Judging from your letters, it's exactly this absence of a custodial sentence for the swindlers, who mugged us for billions of dollars - more than any single recorded street crime - that makes you think Spitzer's settlement with the tech stock boosters is a hollow victory. We ran a selection here.
However Spitzer, who a friend described as "a socialist Torquemada" (more in style, perhaps) but who I nevertheless think is quite amazing, also has many defenders.
"Eliot Spitzer, I believe he deserves a medal," writes Julian Lewis-Booth. "No, he has not been able to go as far as we would have all liked to see him go, at least he is making a good go of it!"
"I personally find it very sad that he is one of a very few people trying to make sure that these large government supporting conglomerates does not get away with buying the influence they need to avoid prosecution or failure."
"I hope that he manages to stay in his position, can you imagine the back biting, sniping and attempts to corrupt or indicate that he is corrupt going on at the moment?"
I bet. Nothing frightens ersatz-populists like a real populist. Since the swindlers, who are fortunate not find themselves swinging from lampposts, are happy to call it a draw.
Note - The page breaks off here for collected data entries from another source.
(* Let $n\geq3$, $\mathcal{O}\subset\mathbb{R}^n$ bounded open with $C^2$ boundary, $\beta>0$, and suppose (H1) holds. Then for every bounded interval $I\subset\mathbb{R}$, $D(A(t))=D$ for all $t\in I$, where $D=\{v\in H^2(\mathcal{O}): \sum_{k=1}^n n_k(y)\sum_{j=1}^n\tilde p_{jk}(y)\frac{\partial v}{\partial y_k}=0 \text{ on }\partial\mathcal{O}\}$ and $\tilde p_{jk}(y)=\sum_{i=1}^n p_{ij}(y)p_{ik}(y)$.
   Context: $r\in C^1(\mathbb{R}\times\overline{\mathcal{O}},\mathbb{R}^n)$ with $r(t,\cdot):\overline{\mathcal{O}}\to r(t,\overline{\mathcal{O}})$ a $C^2$ diffeomorphism for each $t$, inverse $r^{-1}(t,\cdot)=(r^{-1}_1,\dots,r^{-1}_n)$. $a_{jk}(t,y)=\sum_{i=1}^n \frac{\partial r^{-1}_j}{\partial x_i}(t,r(t,y))\frac{\partial r^{-1}_k}{\partial x_i}(t,r(t,y))$. $T(t,y)$ is the matrix with $(i,k)$ entry $\frac{\partial r^{-1}_k}{\partial x_i}(t,r(t,y))$, $n(y)$ the unit outward normal of $\partial\mathcal{O}$, $K(t,y)=1/\|T(t,y)n(y)\|$, $\Gamma(t,v)=K(t,y)\sum_k n_k(y)\sum_j a_{jk}(t,y)\frac{\partial v}{\partial y_k}$ on $\partial\mathcal{O}$. $A(t)v=-\sum_{j,k}\partial_{y_j}(a_{jk}(t,\cdot)\partial_{y_k}v)+\beta v$ with $D(A(t))=\{v\in H^2(\mathcal{O}):\Gamma(t,v)=0\text{ on }\partial\mathcal{O}\}$. (H1): $r^{-1}(\cdot,x)$ is $C^1$ in $t$, and there are $h\in C(\mathbb{R})$, $p_{ik}\in C^1(\mathbb{R}^n,\mathbb{R})$ with $\frac{\partial r^{-1}_k}{\partial x_i}(t,r(t,y))=h(t)p_{ik}(y)$ for all $t$, $y\in\overline{\mathcal{O}}$, $i,k$; $h$ is Hölder continuous with exponent $\theta\in(0,1]$ and $0<h_0\le h\le h_1$. *)

theory Defs
  imports "HOL-Analysis.Analysis"
begin

definition C1_on :: "'a::euclidean_space set \<Rightarrow> ('a \<Rightarrow> 'b::real_normed_vector) \<Rightarrow> bool" where
  "C1_on U f \<longleftrightarrow> (\<exists>f'. (\<forall>x\<in>U. (f has_derivative blinfun_apply (f' x)) (at x)) \<and> continuous_on U f')"

definition C2_on :: "'a::euclidean_space set \<Rightarrow> ('a \<Rightarrow> 'b::real_normed_vector) \<Rightarrow> bool" where
  "C2_on U f \<longleftrightarrow> (\<exists>f'. (\<forall>x\<in>U. (f has_derivative blinfun_apply (f' x)) (at x)) \<and> C1_on U f')"

text \<open>Partial derivative: pd f x i k = (d f_k / d x_i)(x).\<close>
definition pd :: "(real^'n \<Rightarrow> real^'m) \<Rightarrow> real^'n \<Rightarrow> 'n \<Rightarrow> 'm \<Rightarrow> real" where
  "pd f x i k = (frechet_derivative f (at x) (axis i 1)) $ k"

definition pds :: "(real^'n \<Rightarrow> real) \<Rightarrow> 'n \<Rightarrow> real^'n \<Rightarrow> real" where
  "pds f i x = frechet_derivative f (at x) (axis i 1)"

definition grad :: "(real^'n \<Rightarrow> real) \<Rightarrow> real^'n \<Rightarrow> real^'n" where
  "grad f x = (\<chi> i. pds f i x)"

definition C2_boundary_normal :: "(real^'n) set \<Rightarrow> (real^'n \<Rightarrow> real^'n) \<Rightarrow> bool" where
  "C2_boundary_normal \<Omega> nu \<longleftrightarrow>
     (\<forall>x0\<in>frontier \<Omega>. \<exists>U \<phi>. open U \<and> x0 \<in> U \<and> C2_on U \<phi> \<and>
        (\<forall>y\<in>U. grad \<phi> y \<noteq> 0) \<and>
        \<Omega> \<inter> U = {y\<in>U. \<phi> y < 0} \<and> frontier \<Omega> \<inter> U = {y\<in>U. \<phi> y = 0} \<and>
        (\<forall>y\<in>frontier \<Omega> \<inter> U. nu y = grad \<phi> y /\<^sub>R norm (grad \<phi> y)))"

definition L2_on :: "(real^'n) set \<Rightarrow> (real^'n \<Rightarrow> real) \<Rightarrow> bool" where
  "L2_on U f \<longleftrightarrow> f \<in> borel_measurable (lebesgue_on U) \<and> integrable (lebesgue_on U) (\<lambda>x. (f x)\<^sup>2)"

definition test_fun :: "(real^'n) set \<Rightarrow> (real^'n \<Rightarrow> real) \<Rightarrow> bool" where
  "test_fun U \<phi> \<longleftrightarrow> C1_on UNIV \<phi> \<and> compact (closure {x. \<phi> x \<noteq> 0}) \<and> closure {x. \<phi> x \<noteq> 0} \<subseteq> U"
And one honest fund manager had this to add:
"I have been working for about a decade on Wall Street (as a risk manager) and sold most of my holdings long before 2000 - as well as advised others to do the same - but have seen many lose their hard-earned retirement pensions and then their jobs as a result of the lack of accountability of American industry and its supporting capital markets. Many times I overheard - as far back as the mid-nineties - investment bankers discuss the ridiculous valuations of market indices and the manner in which Wall Street was fueling those valuations with meaningless "research".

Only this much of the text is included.